Alliance Outlines Three-Phase Plan To Achieve Goal of Net Zero Emissions

The Oil Sands Pathways to Net Zero initiative is an alliance between Canada’s five largest oil sands producers. The group has announced additional details of its plan to achieve the goal of net zero greenhouse-gas emissions from oil sands operations.

Oilsands Refinery
A large oil refinery sits along the Athabasca River in Alberta's oil sands near Fort McMurray, Alberta.
Source: Dan Prat/Getty Images

The Oil Sands Pathways to Net Zero initiative, an alliance between Canada’s five largest oil sands producers, has announced additional details of its plan to achieve the goal of net zero greenhouse-gas (GHG) emissions from oil sands operations.

“As a significant source of Canada’s GHG emissions, we know we must also be part of the solution,” said Pathways director Al Reid. "That’s why we’re working together on innovative approaches to achieve our shared vision of net zero emissions.”

Pathways alliance members, who operate facilities accounting for 90% of Canadian oil sands output, are working collectively with the federal and Alberta governments, with a goal to achieve net zero emissions from oil sands operations by 2050 to help Canada meet its climate goals, including its Paris Agreement commitments and 2050 net zero aspirations.

The Pathways alliance already has begun work to eliminate 68 Mt of annual oil sands production emissions in the following three phases:

  • Phase 1 (2021–2030): 22 Mt
  • Phase 2 (2031–2040): 25 Mt
  • Phase 3 (2041–2050): 21 Mt

(The emissions reductions for each phase are estimates based on current assumptions and may be subject to adjustment.)
Because there is no single solution to achieving net zero emissions from oil sands operations, the initiative will use several parallel pathways and technologies. These include established and proven technologies such as carbon capture, use, and storage as well as other existing and emerging GHG-reduction technologies. This includes switching to lower-carbon fuels such as clean hydrogen and electricity to power oil sands operations, implementing advanced production processes, and improving energy efficiency at oil sands facilities.

The Pathways initiative also will work to accelerate the development of potential emerging emissions-reducing technologies such as direct air capture of carbon dioxide (CO2), more-efficient next-generation oil sands production technologies, and small modular nuclear reactors. The initiative will help preserve jobs in the oil sands sector, which is one of Canada’s largest employers, while also creating thousands of new construction and permanent jobs in the oil and gas and clean technology industries.
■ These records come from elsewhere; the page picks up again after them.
lemma qform_qform_root: "b + a*y \<noteq> 0 \<Longrightarrow> qform a b c (qform_root a b c y) y = 0"
  by (simp add: qform_def qform_root_def field_simps)

lemma qform_mult_qform:
  "qform a b c r z * qform a b c y z =
     qform a b c r y * qform a b c z z + (b^2 - a*c) * (r - z) * (y - z)"
  by (simp add: qform_def power2_eq_square algebra_simps)

lemma qform_eq_qratio_if_qform_0:
  assumes "qform a b c r y = 0" "qform a b c y z \<noteq> 0"
  shows "qform a b c r z = (b^2 - a*c) * (r - z) * qratio a b c y z"
  using qform_mult_qform[of a b c r z y] assms by (simp add: qratio_def field_simps)

definition admissible :: "'a::comm_ring_1 \<Rightarrow> 'a \<Rightarrow> 'a \<Rightarrow> nat \<Rightarrow> (nat \<Rightarrow> 'a) \<Rightarrow> bool" where
  "admissible a b c n x \<longleftrightarrow> (\<forall>i<n. \<forall>j<n. i \<noteq> j \<longrightarrow> qform a b c (x i) (x j) \<noteq> 0)"

definition generic :: "'a::comm_ring_1 \<Rightarrow> 'a \<Rightarrow> 'a \<Rightarrow> nat \<Rightarrow> (nat \<Rightarrow> 'a) \<Rightarrow> bool" where
  "generic a b c n x \<longleftrightarrow> inj_on x {..<n} \<and> (\<forall>i<n. b + a * x i \<noteq> 0) \<and>
     (\<forall>i<n. \<forall>j<n. qform a b c (x i) (x j) \<noteq> 0)"

lemma qform_root_distinct:
  assumes "b^2 - a*c \<noteq> 0" "generic a b c n x" "i < n" "j < n"
  shows "qform_root a b c (x i) \<noteq> x j"
    and "qform_root a b c (x i) = qform_root a b c (x j) \<Longrightarrow> i = j"
proof -
  let ?r = "qform_root a b c (x i)"
  have root: "qform a b c ?r (x i) = 0"
    using assms(2,3) by (simp add: generic_def qform_qform_root)
  show ne: "?r \<noteq> x j"
    using root assms(2,3,4) qform_commute[of a b c "x i"] by (auto simp: generic_def)
  assume "?r = qform_root a b c (x j)"
  then have "qform a b c ?r (x j) = 0"
    using assms(2,4) by (simp add: generic_def qform_qform_root)
  then have "(b^2 - a*c) * (?r - x j) * (x i - x j) = 0"
    using qform_mult_qform[of a b c ?r "x j" "x i"] root by simp
  then show "i = j"
    using assms ne inj_onD[of x "{..<n}" i j] by (auto simp: generic_def)
qed

definition expansion_poly ::
    "'a::field \<Rightarrow> 'a \<Rightarrow> 'a \<Rightarrow> nat \<Rightarrow> (nat \<Rightarrow> 'a) \<Rightarrow> (nat \<Rightarrow> 'a) \<Rightarrow> 'a \<Rightarrow> 'a poly" where
  "expansion_poly a b c m y D C =
     (\<Sum>p<Suc m. smult ((-1)^p * D p)
        ([:- y p, 1:] * (\<Prod>l<m. [:c + b * y (skip p l), b + a * y (skip p l):])))
     - smult C (\<Prod>l<Suc m. [:- y l, 1:])"

lemma poly_expansion_poly:
  "poly (expansion_poly a b c m y D C) t =
     (\<Sum>p<Suc m. (-1)^p * D p * ((t - y p) * (\<Prod>l<m. qform a b c t (y (skip p l)))))
     - C * (\<Prod>l<Suc m. t - y l)"
proof -
  have lin: "poly [:- z, 1:] t = t - z" for z by simp
  show ?thesis
    unfolding expansion_poly_def poly_diff poly_sum poly_smult poly_mult poly_prod poly_qform lin
    by (rule refl)
qed

lemma poly_expansion_poly_eq:
  assumes "\<And>l. l \<le> m \<Longrightarrow> qform a b c t (y l) \<noteq> 0"
  shows "poly (expansion_poly a b c m y D C) t =
    ((\<Sum>p<Suc m. (-1)^p * qratio a b c t (y p) * D p) - (\<Prod>l<Suc m. qratio a b c t (y l)) * C)
    * (\<Prod>l<Suc m. qform a b c t (y l))"
proof -
  let ?Q = "qform a b c t" and ?f = "qratio a b c t"
  have "?f (y p) * (\<Prod>l<Suc m. ?Q (y l)) = (t - y p) * (\<Prod>l<m. ?Q (y (skip p l)))" if "p \<le> m" for p
    using prod_lessThan_Suc_skip[OF that, of "\<lambda>l. ?Q (y l)"] assms[OF that]
    by (simp add: qratio_def)
  moreover have "(\<Prod>l<Suc m. ?f (y l)) * (\<Prod>l<Suc m. ?Q (y l)) = (\<Prod>l<Suc m. t - y l)"
    unfolding prod.distrib[symmetric] using assms by (intro prod.cong) (auto simp: qratio_def)
  ultimately show ?thesis
    unfolding poly_expansion_poly left_diff_distrib sum_distrib_right by (simp add: mult_ac)
qed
In Phase 1 (2021–2030), the Pathways initiative will focus on building out a carbon-capture network in the oil sands producing region of northern Alberta. This includes plans to install equipment at several oil sands plants to capture CO2 to keep these emissions from entering the atmosphere. At the heart of the network is a proposed carbon transportation line to gather CO2 from more than 20 oil sands facilities and move it to a proposed hub in the Cold Lake area of Alberta for storage. The line would also be available to other industries in the region interested in capturing and storing CO2.

“Carbon capture may be unfamiliar to many Canadians, but it’s a technology that has been in use for decades around the world that’s proven to be effective and safe,” Reid said. “Canada is a leader in this area, and this technology is already being used in Alberta and Saskatchewan to capture and safely store CO2 from industrial facilities.”

The proposed Pathways carbon-capture network is similar to other large carbon-capture projects already underway in other progressive oil producing nations where industry and government are working together to reduce CO2 emissions from industry.

In Norway, oil companies Equinor, Shell, and Total are collaborating with the government on the development of the Northern Lights project to capture 0.8 Mt per year of CO2 from cement and waste-to-energy plants near Oslo and transport it to a sequestration hub for safe underground storage. To get the project off the ground, the Norwegian government is funding two-thirds of the capital costs for the project and the first 10 years of operating costs.

In the Netherlands, the Dutch government is providing up to $3 billion for the Porthos project, which is being developed by the Port of Rotterdam and state-owned natural gas companies EBN and Gasunie to capture CO2 emissions from refineries and hydrogen plants near Rotterdam and transport it to a safe storage site.

To advance the Pathways vision and help Canada meet its climate goals, alliance members are currently developing detailed project plans for Phase 1, including conducting feasibility studies for the CO2 transportation line and storage hub as well as pre-engineering work for capturing carbon at multiple oil sands facilities.